**PROBLEM DETAILS:**
Word for word, set down every line of the entries below from the line with "define W where" to the line with "f to g\<close>", including both, and no other line.

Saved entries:
(* Assume additionally that $K$ is nonincreasing on $[0,\infty)$ (as for the uniform, Epanechnikov, triangle, tricube, biweight kernels), and that the ABC normalizing constant $Z=\iint\pi(\theta)p(x\mid\theta)K_\varepsilon(\Delta(x,y))dx\,d\theta$ is positive. Let $a\in[0,1)$ and let $h=h_a:\Theta\to\mathbb{R}$ be a discrepancy function such that $$\sup_{\theta\in\Theta_1\setminus\mathcal{N}_{\Theta_1}}\int p(x\mid\theta)\,\mathbb{I}\big(\Delta(x,y)\le h(\theta)\big)\,dx\le a$$ for some Lebesgue-null subset $\mathcal{N}_{\Theta_1}\subset\Theta_1$, where $\Theta_1=\{\theta:\pi_\varepsilon(\theta\mid y)>0\}$, and such that the normalizing constant of $\hat\pi_\varepsilon$ is positive. Then the $L_1$ distance $D_{L_1}(\hat\pi_\varepsilon(\cdot\mid y),\pi_\varepsilon(\cdot\mid y))=\int|\hat\pi_\varepsilon(\theta\mid y)-\pi_\varepsilon(\theta\mid y)|d\theta$ between the ejMCMC target marginal and the ABC posterior tends to $0$ as $a\to 0$ (uniformly over all such families $h_a$).
   Context: Setting: $\theta\in\Theta\subset\mathbb{R}^p$ with prior density $\pi$; data density $p(x\mid\theta)$; observed data $y$; discrepancy $\Delta(x,y)\ge0$; $K$ a centered kernel density with maximum at $0$ and $K(z)=0$ for $z>1$, $K_\varepsilon(u)=K(u/\varepsilon)/K(0)$, tolerance $\varepsilon>0$. ABC posterior: $\pi_\varepsilon(\theta\mid y)\propto\pi(\theta)\int p(x\mid\theta)K_\varepsilon(\Delta(x,y))dx$. ejMCMC target marginal: $\hat\pi_\varepsilon(\theta\mid y)\propto\pi(\theta)\int p(x\mid\theta)\min\{K_\varepsilon(\Delta(x,y)),K_\varepsilon(h(\theta))\}dx$ (each normalized to integrate to 1 over $\Theta$). *)

theory Defs
  imports "HOL-Analysis.Analysis"
begin

definition Keps :: "(real \<Rightarrow> real) \<Rightarrow> real \<Rightarrow> real \<Rightarrow> real" where
  "Keps K eps u = K (u / eps) / K 0"

definition abc_unnorm ::
  "('a::euclidean_space \<Rightarrow> real) \<Rightarrow> ('a \<Rightarrow> 'b::euclidean_space \<Rightarrow> real) \<Rightarrow>
   (real \<Rightarrow> real) \<Rightarrow> real \<Rightarrow> ('b \<Rightarrow> 'b \<Rightarrow> real) \<Rightarrow> 'b \<Rightarrow> 'a \<Rightarrow> real" where
  "abc_unnorm prior p K eps \<Delta> y \<theta> =
     prior \<theta> * (\<integral>x. p \<theta> x * Keps K eps (\<Delta> x y) \<partial>lborel)"

definition ej_unnorm ::
  "('a::euclidean_space \<Rightarrow> real) \<Rightarrow> ('a \<Rightarrow> 'b::euclidean_space \<Rightarrow> real) \<Rightarrow>
   (real \<Rightarrow> real) \<Rightarrow> real \<Rightarrow> ('b \<Rightarrow> 'b \<Rightarrow> real) \<Rightarrow> 'b \<Rightarrow> ('a \<Rightarrow> real) \<Rightarrow> 'a \<Rightarrow> real" where
  "ej_unnorm prior p K eps \<Delta> y h \<theta> =
     prior \<theta> * (\<integral>x. p \<theta> x * min (Keps K eps (\<Delta> x y)) (Keps K eps (h \<theta>)) \<partial>lborel)"

definition normalize_on :: "'a::euclidean_space set \<Rightarrow> ('a \<Rightarrow> real) \<Rightarrow> 'a \<Rightarrow> real" where
  "normalize_on \<Theta> f \<theta> = f \<theta> / (\<integral>t\<in>\<Theta>. f t \<partial>lborel)"

definition abc_post where
  "abc_post \<Theta> prior p K eps \<Delta> y = normalize_on \<Theta> (abc_unnorm prior p K eps \<Delta> y)"

definition ej_post where
  "ej_post \<Theta> prior p K eps \<Delta> y h = normalize_on \<Theta> (ej_unnorm prior p K eps \<Delta> y h)"

definition L1_dist :: "'a::euclidean_space set \<Rightarrow> ('a \<Rightarrow> real) \<Rightarrow> ('a \<Rightarrow> real) \<Rightarrow> real" where
  "L1_dist \<Theta> f g = (\<integral>t\<in>\<Theta>. \<bar>f t - g t\<bar> \<partial>lborel)"

end

theory Submission
  imports Defs
begin

text \<open>Replacing K_eps(Delta) by min{K_eps(Delta), K_eps(h(theta))} changes the integrand only where
  Delta \<le> h(theta), because K_eps is nonincreasing, and there by at most one since 0 \<le> K_eps \<le> 1.
  So the unnormalised ABC and ejMCMC densities f and g satisfy 0 \<le> f - g \<le> a prior off the
  exceptional null set (trivially where f vanishes), hence their normalisers Z \<ge> W satisfy
  Z - W \<le> a. For 0 \<le> g \<le> f the L1 distance of the normalised densities is at most
  2(Z - W)/Z, which gives the bound 2a/Z, uniform in h.\<close>

lemma integrable_mult_unit_bounded:
  fixes q g :: "'a \<Rightarrow> real"
  assumes "integrable M q" "g \<in> borel_measurable M" "\<And>x. \<bar>g x\<bar> \<le> 1"
  shows "integrable M (\<lambda>x. q x * g x)"
  using assms by (intro Bochner_Integration.integrable_bound[OF assms(1)])
    (auto simp: abs_mult intro!: mult_left_le)

lemma set_integrable_of_set_integral_nonzero:
  fixes f :: "'a \<Rightarrow> real"
  assumes "(\<integral>x\<in>A. f x \<partial>M) \<noteq> 0"
  shows "set_integrable M A f"
  using assms not_integrable_integral_eq
  unfolding set_integrable_def set_lebesgue_integral_def by blast

lemma L1_dist_normalize_on_le:
  fixes f g :: "'a::euclidean_space \<Rightarrow> real"
  assumes f_int: "set_integrable lborel \<Theta> f" and g_int: "set_integrable lborel \<Theta> g"
    and g_nonneg: "\<And>\<theta>. \<theta> \<in> \<Theta> \<Longrightarrow> 0 \<le> g \<theta>"
    and g_le_f: "\<And>\<theta>. \<theta> \<in> \<Theta> \<Longrightarrow> g \<theta> \<le> f \<theta>"
    and W_pos: "0 < (\<integral>\<theta>\<in>\<Theta>. g \<theta> \<partial>lborel)"
  shows "L1_dist \<Theta> (normalize_on \<Theta> g) (normalize_on \<Theta> f)
           \<le> 2 * ((\<integral>\<theta>\<in>\<Theta>. f \<theta> \<partial>lborel) - (\<integral>\<theta>\<in>\<Theta>. g \<theta> \<partial>lborel)) / (\<integral>\<theta>\<in>\<Theta>. f \<theta> \<partial>lborel)"
proof -
  define W where "W = (\<integral>\<theta>\<in>\<Theta>. g \<theta> \<partial>lborel)"
  define Z where "Z = (\<integral>\<theta>\<in>\<Theta>. f \<theta> \<partial>lborel)"
  have "W \<le> Z" unfolding W_def Z_def by (rule set_integral_mono[OF g_int f_int g_le_f])
  with W_pos have W: "0 < W" "W \<le> Z" by (simp_all add: W_def)
  \<comment> \<open>the first summand is the rescaling error of g, the second the mass lost in passing from f to g\<close>
  have pointwise: "\<bar>g \<theta> / W - f \<theta> / Z\<bar> \<le> g \<theta> * (1 / W - 1 / Z) + (f \<theta> - g \<theta>) / Z"
    if "\<theta> \<in> \<Theta>" for \<theta>
  proof -
    have "g \<theta> / W - f \<theta> / Z = g \<theta> * (1 / W - 1 / Z) - (f \<theta> - g \<theta>) / Z"
      by (simp add: right_diff_distrib diff_divide_distrib)
    moreover have "0 \<le> g \<theta> * (1 / W - 1 / Z)"
      using g_nonneg[OF that] W by (intro mult_nonneg_nonneg) (auto simp: field_simps)
    moreover have "0 \<le> (f \<theta> - g \<theta>) / Z" using g_le_f[OF that] W by simp
    ultimately show ?thesis by linarith
  qed
  have "L1_dist \<Theta> (normalize_on \<Theta> g) (normalize_on \<Theta> f) = (\<integral>\<theta>\<in>\<Theta>. \<bar>g \<theta> / W - f \<theta> / Z\<bar> \<partial>lborel)"
    by (simp add: L1_dist_def normalize_on_def W_def Z_def)
  also have "\<dots> \<le> (\<integral>\<theta>\<in>\<Theta>. g \<theta> * (1 / W - 1 / Z) + (f \<theta> - g \<theta>) / Z \<partial>lborel)"
    using f_int g_int pointwise
    by (intro set_integral_mono set_integrable_abs set_integral_add(1) set_integral_diff(1)
        set_integrable_divide set_integrable_mult_left) auto
  also have "\<dots> = W * (1 / W - 1 / Z) + (Z - W) / Z"
    using g_int f_int by (simp add: set_integral_add(2) set_integral_diff set_integrable_divide W_def Z_def)
  also have "\<dots> = 2 * (Z - W) / Z" using W by (simp add: field_simps)
  finally show ?thesis by (simp add: W_def Z_def)
qed

lemma uniform_smallness_from_linear_bound:
  fixes L :: "real \<Rightarrow> 'h \<Rightarrow> real"
  assumes "0 < C" and "\<And>a h. 0 \<le> a \<Longrightarrow> Q a h \<Longrightarrow> L a h \<le> C * a"
  shows "\<forall>e>0. \<exists>\<delta>>0. \<forall>a h. 0 \<le> a \<and> a < 1 \<and> a < \<delta> \<and> Q a h \<longrightarrow> L a h < e"
proof (intro allI impI)
  fix e :: real assume "0 < e"
  show "\<exists>\<delta>>0. \<forall>a h. 0 \<le> a \<and> a < 1 \<and> a < \<delta> \<and> Q a h \<longrightarrow> L a h < e"
  proof (intro exI[of _ "e / C"] conjI allI impI)
    fix a h assume H: "0 \<le> a \<and> a < 1 \<and> a < e / C \<and> Q a h"
    then have "L a h \<le> C * a" using assms(2) by blast
    also have "\<dots> < e" using H \<open>0 < C\<close> by (simp add: pos_less_divide_eq mult.commute)
    finally show "L a h < e" .
  qed (use \<open>0 < e\<close> \<open>0 < C\<close> in simp)
qed

locale nonincreasing_kernel =
  fixes K :: "real \<Rightarrow> real" and eps :: real
  assumes K_meas: "K \<in> borel_measurable borel"
    and K_nonneg: "\<And>z. 0 \<le> K z"
    and K_max: "\<And>z. K z \<le> K 0"
    and K_noninc: "\<And>u v. 0 \<le> u \<Longrightarrow> u \<le> v \<Longrightarrow> K v \<le> K u"
    and eps_pos: "0 < eps"
begin

lemma Keps_nonneg: "0 \<le> Keps K eps u"
  unfolding Keps_def using K_nonneg by simp
(* Let $K$ be a reversible substochastic kernel on a finite probability space $(E,\rho)$, and let $\delta=\rho(1-K1)$. Assume that for all nonnegative $f$, $\operatorname{Ent}_\rho(f^2)\le A\,\mathcal E^\rho_K(f,f)$. Let $T_t=e^{t(K-I)}$ and $u_t=T_tu_0$ for any $u_0\ge0$. Then for all $t\ge0$, \[ H_\rho(u_t)\le e^{-t/A}H_\rho(u_0)+A\delta\,\rho(u_0)(1-e^{-t/A}). \]
   Context: A substochastic kernel is a nonnegative kernel with row sums at most one; reversible means $\rho(x)K(x,y)=\rho(y)K(y,x)$. $\mathcal E^\rho_K(f,f)=\langle f,(I-K)f\rangle_\rho$. $\operatorname{Ent}_\rho(f^2)=\rho(f^2\log f^2)-\rho(f^2)\log\rho(f^2)$. For nonnegative $u$, $H_\rho(u)=\rho\left[u\log\frac{u}{\rho(u)}\right]$ with the convention $0\log0=0$. $1$ denotes the constant function. *)

theory Defs
  imports "HOL-Analysis.Analysis"
begin

definition kop :: "('a::finite \<Rightarrow> 'a \<Rightarrow> real) \<Rightarrow> ('a \<Rightarrow> real) \<Rightarrow> 'a \<Rightarrow> real" where
  "kop K f = (\<lambda>x. \<Sum>y\<in>UNIV. K x y * f y)"

definition expect :: "('a::finite \<Rightarrow> real) \<Rightarrow> ('a \<Rightarrow> real) \<Rightarrow> real" where
  "expect \<rho> f = (\<Sum>x\<in>UNIV. \<rho> x * f x)"

definition substochastic :: "('a::finite \<Rightarrow> 'a \<Rightarrow> real) \<Rightarrow> bool" where
  "substochastic K \<longleftrightarrow> (\<forall>x y. 0 \<le> K x y) \<and> (\<forall>x. (\<Sum>y\<in>UNIV. K x y) \<le> 1)"

definition reversible :: "('a \<Rightarrow> real) \<Rightarrow> ('a \<Rightarrow> 'a \<Rightarrow> real) \<Rightarrow> bool" where
  "reversible \<rho> K \<longleftrightarrow> (\<forall>x y. \<rho> x * K x y = \<rho> y * K y x)"

definition prob_fun :: "('a::finite \<Rightarrow> real) \<Rightarrow> bool" where
  "prob_fun \<rho> \<longleftrightarrow> (\<forall>x. 0 \<le> \<rho> x) \<and> (\<Sum>x\<in>UNIV. \<rho> x) = 1"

**WRITTEN SOLUTION:**
  define W where "W = (\<integral>\<theta>\<in>\<Theta>. g \<theta> \<partial>lborel)"
  define Z where "Z = (\<integral>\<theta>\<in>\<Theta>. f \<theta> \<partial>lborel)"
  have "W \<le> Z" unfolding W_def Z_def by (rule set_integral_mono[OF g_int f_int g_le_f])
  with W_pos have W: "0 < W" "W \<le> Z" by (simp_all add: W_def)
  \<comment> \<open>the first summand is the rescaling error of g, the second the mass lost in passing from f to g\<close>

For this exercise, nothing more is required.